== TASK DETAILS ==
Below are the entries; return every line among them that holds the word "definition".

== PROVIDED RECORDS ==
== Segment start ==

lemma has_metric_derivative_zeroD:
  fixes f :: "real \<Rightarrow> 'a::metric_space"
  assumes "has_metric_derivative f a b x 0" "0 < \<epsilon>"
  shows "\<forall>\<^sub>F k in sequentially.
           \<forall>y\<in>{a..b}. \<bar>y - x\<bar> \<le> 1 / 2^k \<longrightarrow> dist (f y) (f x) \<le> \<epsilon> * \<bar>y - x\<bar>"
proof -
  have "\<forall>\<^sub>F t in at 0 within {t. x + t \<in> {a..b}}. dist (dist (f (x + t)) (f x) / \<bar>t\<bar>) 0 < \<epsilon>"
    using assms tendstoD unfolding has_metric_derivative_def by blast
  then obtain d where "0 < d" and d: "\<And>t. x + t \<in> {a..b} \<Longrightarrow> t \<noteq> 0 \<Longrightarrow> \<bar>t\<bar> < d \<Longrightarrow>
      dist (f (x + t)) (f x) / \<bar>t\<bar> < \<epsilon>"
    unfolding eventually_at by (auto simp: dist_real_def)
  have lip: "dist (f y) (f x) \<le> \<epsilon> * \<bar>y - x\<bar>" if "y \<in> {a..b}" "\<bar>y - x\<bar> < d" for y
  proof (cases "y = x")
    case False
    then have "dist (f y) (f x) / \<bar>y - x\<bar> < \<epsilon>"
      using d [of "y - x"] that by simp
    with False show ?thesis
      by (simp add: divide_less_eq mult.commute less_imp_le)
  qed simp
  obtain N where "(1/2::real)^N < d"
    using real_arch_pow_inv [OF \<open>0 < d\<close>, of "1/2"] by auto
  moreover have "(1/2::real)^k \<le> (1/2)^N" if "N \<le> k" for k
    using that by (rule power_decreasing) auto
  ultimately show ?thesis
    unfolding eventually_sequentially using lip by (force simp: power_one_over)
qed

lemma hausdorff1_approx_image_md_zero_le:
  fixes f :: "real \<Rightarrow> 'a::metric_space"
  assumes E: "E \<subseteq> {a..b}" "\<And>x. x \<in> E \<Longrightarrow> has_metric_derivative f a b x 0"
    and "0 < \<delta>" "0 < \<epsilon>"
  shows "hausdorff1_approx \<delta> (f ` E) \<le> ennreal \<epsilon> * (2 * emeasure lborel {a-1..b+1})"
proof -
  obtain k0 :: nat where k0: "2 * \<epsilon> / 2^k0 < \<delta>"
  proof -
    obtain n where "(1/2::real)^n < \<delta> / (2 * \<epsilon>)"
      using real_arch_pow_inv [of "\<delta> / (2 * \<epsilon>)" "1/2"] \<open>0 < \<delta>\<close> \<open>0 < \<epsilon>\<close> by auto
    with that \<open>0 < \<epsilon>\<close> show ?thesis
      by (simp add: power_one_over field_simps)
  qed
  define lip where
    "lip k x \<longleftrightarrow> (\<forall>y\<in>{a..b}. \<bar>y - x\<bar> \<le> 1 / 2^k \<longrightarrow> dist (f y) (f x) \<le> \<epsilon> * \<bar>y - x\<bar>)"
    for k x
  define P where "P k j \<longleftrightarrow> k0 \<le> k \<and> (\<exists>x \<in> E \<inter> dyadic_interval k j. lip k x)" for k j
  have "hausdorff1_approx \<delta> (f ` E) \<le> ennreal (2 * \<epsilon>) * emeasure lborel {a-1..b+1}"
  proof (rule hausdorff1_approx_le_dyadic_cover [where P = P])
    show "\<exists>k. P k \<lfloor>x * 2^k\<rfloor>" if x: "x \<in> E" for x
    proof -
      obtain N where "\<And>k. N \<le> k \<Longrightarrow> lip k x"
        using has_metric_derivative_zeroD [OF E(2) [OF x] \<open>0 < \<epsilon>\<close>]
        unfolding lip_def eventually_sequentially by blast
      then have "lip (max N k0) x"
        by simp
      then show ?thesis
        using x unfolding P_def by (intro exI [of _ "max N k0"]) (auto simp: mem_dyadic_interval_iff)
    qed
    fix k j assume "P k j"
    then obtain x where x: "x \<in> E \<inter> dyadic_interval k j" "lip k x" and "k0 \<le> k"
      unfolding P_def by blast
    have near: "\<bar>y - x\<bar> \<le> 1 / 2^k" if "y \<in> dyadic_interval k j" for y
      using x(1) that dyadic_interval_dist_le by blast
    have "dist (f y) (f x) \<le> \<epsilon> * \<bar>y - x\<bar>" if "y \<in> E \<inter> dyadic_interval k j" for y
      using x(2) near that E(1) unfolding lip_def by blast
    from image_pointwise_lipschitz_diameter_le [OF x(1) this near] \<open>0 < \<epsilon>\<close>
    show "bounded (f ` (E \<inter> dyadic_interval k j))"
      and "diameter (f ` (E \<inter> dyadic_interval k j)) \<le> 2 * \<epsilon> / 2^k"
      by auto
    have "2 * \<epsilon> / 2^k \<le> 2 * \<epsilon> / 2^k0"
      using \<open>k0 \<le> k\<close> \<open>0 < \<epsilon>\<close> by (intro divide_left_mono) (auto intro: power_increasing)
    with k0 show "2 * \<epsilon> / 2^k \<le> \<delta>"
      by linarith
    have "\<bar>y - x\<bar> \<le> 1" if "y \<in> dyadic_interval k j" for y
      using near [OF that] order_trans [of _ "1 / 2^k" "1::real"] by simp
    with x(1) E(1) show "dyadic_interval k j \<subseteq> {a-1..b+1}"
      by (force simp: abs_le_iff)
  qed (use \<open>0 < \<delta>\<close> \<open>0 < \<epsilon>\<close> in auto)
  then show ?thesis
    using \<open>0 < \<epsilon>\<close> by (simp add: ennreal_mult ac_simps)
qed

theorem theorem3p13:
  fixes f :: "real \<Rightarrow> 'a::metric_space" and a b :: real
  defines "E \<equiv> {x \<in> {a..b}. has_metric_derivative f a b x 0}"
  shows "hausdorff1 (f ` E) = 0"
proof (rule hausdorff1_eq_0I)
  show "2 * emeasure lborel {a-1..b+1} < \<infinity>"
    by (simp add: emeasure_lborel_Icc_eq ennreal_mult_less_top)
  fix \<delta> \<epsilon> :: real
  assume "0 < \<delta>" "0 < \<epsilon>"
  then show "hausdorff1_approx \<delta> (f ` E) \<le> ennreal \<epsilon> * (2 * emeasure lborel {a-1..b+1})"
    by (intro hausdorff1_approx_image_md_zero_le) (auto simp: E_def)
qed

end
(* Assume $\theta_i<1$ for all $i$ and $\theta_j>0$ for some $j$. If $\theta_{\max}<1/2$, then for every $x(0)\in\Delta_n$ the trajectory $(V(k),x(k))$ of system (B) converges exponentially fast; in particular $x(k)$ converges exponentially to the unique equilibrium social power $x^*$, i.e. the unique $x^*\in\Delta_n$ with $x^*=(I_n-\Theta)(I_n-W(x^* )^T\Theta)^{-1}\mathbf 1_n/n$.
   Context: Let $n\ge 2$, $\mathbf 1_n$ the all-ones vector, $I_n$ the identity matrix, $\Delta_n=\{x\in\mathbb R^n: x\ge 0,\ \mathbf 1_n^Tx=1\}$. Let $C\in\mathbb R^{n\times n}$ be a nonnegative row-stochastic matrix with zero diagonal, $\theta=(\theta_1,\dots,\theta_n)\in[0,1]^n$, $\Theta=\mathrm{diag}(\theta)$, $\theta_{\max}=\max_j\theta_j$, and for $x\in\mathbb R^n$, $W(x)=\mathrm{diag}(x)+(I_n-\mathrm{diag}(x))C$. System (B): $V(k+1)=\Theta W(x(k))V(k)+I_n-\Theta$, $x(k+1)=V(k+1)^T\mathbf 1_n/n$, $k=0,1,2,\dots$, with $V(0)=I_n$ and $x(0)\in\Delta_n$. An equilibrium is a pair $(V^*,x^* )$ with $V^*$ row-stochastic, $x^*\in\Delta_n$, $V^*=\Theta W(x^* )V^*+I_n-\Theta$, $x^*=(V^* )^T\mathbf 1_n/n$; $x^*$ is its equilibrium social power. *)

theory Defs
  imports "HOL-Analysis.Analysis"
begin

definition diagm :: "real^'n \<Rightarrow> real^'n^'n" where
  "diagm x = (\<chi> i j. if i = j then x $ i else 0)"

definition ones :: "real^'n" where
  "ones = (\<chi> i. 1)"

definition prob_simplex :: "(real^'n) set" where
  "prob_simplex = {x. (\<forall>i. 0 \<le> x $ i) \<and> (\<Sum>i\<in>UNIV. x $ i) = 1}"

definition row_stochastic :: "real^'n^'n \<Rightarrow> bool" where
  "row_stochastic A \<longleftrightarrow> (\<forall>i j. 0 \<le> A $ i $ j) \<and> (\<forall>i. (\<Sum>j\<in>UNIV. A $ i $ j) = 1)"

definition Wmat :: "real^'n^'n \<Rightarrow> real^'n \<Rightarrow> real^'n^'n" where
  "Wmat C x = diagm x + (mat 1 - diagm x) ** C"

fun trajB :: "real^'n^'n \<Rightarrow> real^'n \<Rightarrow> real^'n \<Rightarrow> nat \<Rightarrow> (real^'n^'n) \<times> (real^'n)" where
  "trajB C \<theta> x0 0 = (mat 1, x0)"
| "trajB C \<theta> x0 (Suc k) =
     (let (V, x) = trajB C \<theta> x0 k;
          V' = diagm \<theta> ** Wmat C x ** V + (mat 1 - diagm \<theta>)
      in (V', (1 / real CARD('n)) *\<^sub>R (transpose V' *v ones)))"

definition eq_social_power :: "real^'n^'n \<Rightarrow> real^'n \<Rightarrow> real^'n \<Rightarrow> bool" where
  "eq_social_power C \<theta> xs \<longleftrightarrow> xs \<in> prob_simplex \<and>
     invertible (mat 1 - transpose (Wmat C xs) ** diagm \<theta>) \<and>
     xs = (mat 1 - diagm \<theta>) ** matrix_inv (mat 1 - transpose (Wmat C xs) ** diagm \<theta>)
            *v ((1 / real CARD('n)) *\<^sub>R ones)"

end

theory Submission
  imports Defs
begin
lemma D2_one_parent_dist:
  assumes filling: "hyp_filling a lam Xs x0 par" and "0 < a"
    and w: "w \<in> Sv Xs (Suc k)" and v: "v \<in> Sv Xs (Suc k)" and "D2_one a lam Xs par w v"
  shows "dist (fst (parent_vertex par w)) (fst v) < (1 + 2 * lam / a) * a powr - real k"
proof -
  obtain z where z: "dist (fst w) z < lam / a * a powr - real k" "dist (fst v) z < lam / a * a powr - real k"
    using assms(5) D2_one_same_level_iff[OF w v] powr_minus_Suc[OF \<open>0 < a\<close>] by auto
  have "dist (fst (parent_vertex par w)) (fst w) < a powr - real k"
    using hyp_filling_dist_parent[OF filling \<open>0 < a\<close>] w
    by (simp add: parent_vertex_def mem_Sv_iff dist_commute)
  moreover have "dist (fst (parent_vertex par w)) (fst v)
      \<le> dist (fst (parent_vertex par w)) (fst w) + dist (fst w) z + dist z (fst v)"
    using dist_triangle[of "fst (parent_vertex par w)" "fst v" "fst w"]
      dist_triangle[of "fst w" "fst v" z] by linarith
  moreover have "(1 + 2 * lam / a) * a powr - real k
      = a powr - real k + lam / a * a powr - real k + lam / a * a powr - real k"
    by (simp add: algebra_simps)
  ultimately show ?thesis using z dist_commute[of z "fst v"] by linarith
qed

lemma D2_one_parents_dist:
  assumes filling: "hyp_filling a lam Xs x0 par" and "4 \<le> lam" "lam \<le> a"
    and v: "v \<in> Sv Xs (Suc k)" and v': "v' \<in> Sv Xs (Suc k)" and "D2_one a lam Xs par v v'"
  shows "dist (fst (parent_vertex par v)) (fst (parent_vertex par v')) < lam * a powr - real k"
proof -
  have "0 < a" using assms(2,3) by simp
  have "dist (fst (parent_vertex par v)) (fst v') < (1 + 2 * lam / a) * a powr - real k"
    by (rule D2_one_parent_dist[OF filling \<open>0 < a\<close> v v' assms(6)])
  also have "\<dots> \<le> 3 * a powr - real k"
    using assms(3) \<open>0 < a\<close> by (intro mult_right_mono) (auto simp: field_simps)
  finally have "dist (fst (parent_vertex par v)) (fst v') < 3 * a powr - real k" .
  moreover have "dist (fst v') (fst (parent_vertex par v')) < a powr - real k"
    using hyp_filling_dist_parent[OF filling \<open>0 < a\<close>] v' by (simp add: parent_vertex_def mem_Sv_iff)
  moreover have "4 * a powr - real k \<le> lam * a powr - real k"
    using assms(2) by (intro mult_right_mono) auto
  ultimately show ?thesis
    using dist_triangle[of "fst (parent_vertex par v)" "fst (parent_vertex par v')" "fst v'"] by linarith
qed
theorem proposition1:
  fixes E :: "('n::finite \<times> 'n) set" and r :: 'n
  assumes "rooted_tree E r"
  defines "Z \<equiv> {z :: real ^ 'n. (\<forall>v. z $ v \<in> {0, 1}) \<and>
                   (\<forall>v. \<forall>v' \<in> anc E v. z $ v * z $ v' = 0)}"
  shows "convex hull Z =
           {\<gamma> :: real ^ 'n. \<exists>\<kappa> :: real ^ 'n. (\<forall>v. 0 \<le> \<kappa> $ v \<and> \<kappa> $ v \<le> 1) \<and>
               (\<forall>v. \<gamma> $ v = \<kappa> $ v * (\<Prod>v' \<in> anc E v. 1 - \<kappa> $ v'))}
       \<and> convex hull Z =
           {\<gamma> :: real ^ 'n. (\<forall>v. 0 \<le> \<gamma> $ v \<and> \<gamma> $ v \<le> 1) \<and>
               (\<forall>v. (\<Sum>v' \<in> insert v (anc E v). \<gamma> $ v') \<le> 1)}"
proof -
  let ?B = "{stick_breaking E \<kappa> | \<kappa>. \<forall>v. 0 \<le> \<kappa> $ v \<and> \<kappa> $ v \<le> 1}"
  have Z: "Z = antichain_indicators E"
    by (simp add: Z_def antichain_indicators_def)
  have "convex hull Z \<subseteq> ancestor_sum_polytope E"
    using antichain_indicators_subset_polytope[OF rooted_tree_single_valued_converse[OF assms(1)]]
    by (simp add: Z hull_minimal convex_ancestor_sum_polytope)
  moreover have "ancestor_sum_polytope E \<subseteq> ?B"
    using polytope_subset_stick_breaking[OF assms(1)] by blast
  moreover have "?B \<subseteq> convex hull Z"
    using stick_breaking_in_convex_hull[OF rooted_tree_acyclic[OF assms(1)]] by (auto simp: Z)
  ultimately have "convex hull Z = ?B" "convex hull Z = ancestor_sum_polytope E"
    by auto
  then show ?thesis
    by (auto simp: ancestor_sum_polytope_def stick_breaking_def vec_eq_iff)
qed

end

== Segment end ==

== SOLVED EXERCISE ==
definition diagm :: "real^'n \<Rightarrow> real^'n^'n" where
definition ones :: "real^'n" where
definition prob_simplex :: "(real^'n) set" where
definition row_stochastic :: "real^'n^'n \<Rightarrow> bool" where
definition Wmat :: "real^'n^'n \<Rightarrow> real^'n \<Rightarrow> real^'n^'n" where
definition eq_social_power :: "real^'n^'n \<Rightarrow> real^'n \<Rightarrow> real^'n \<Rightarrow> bool" where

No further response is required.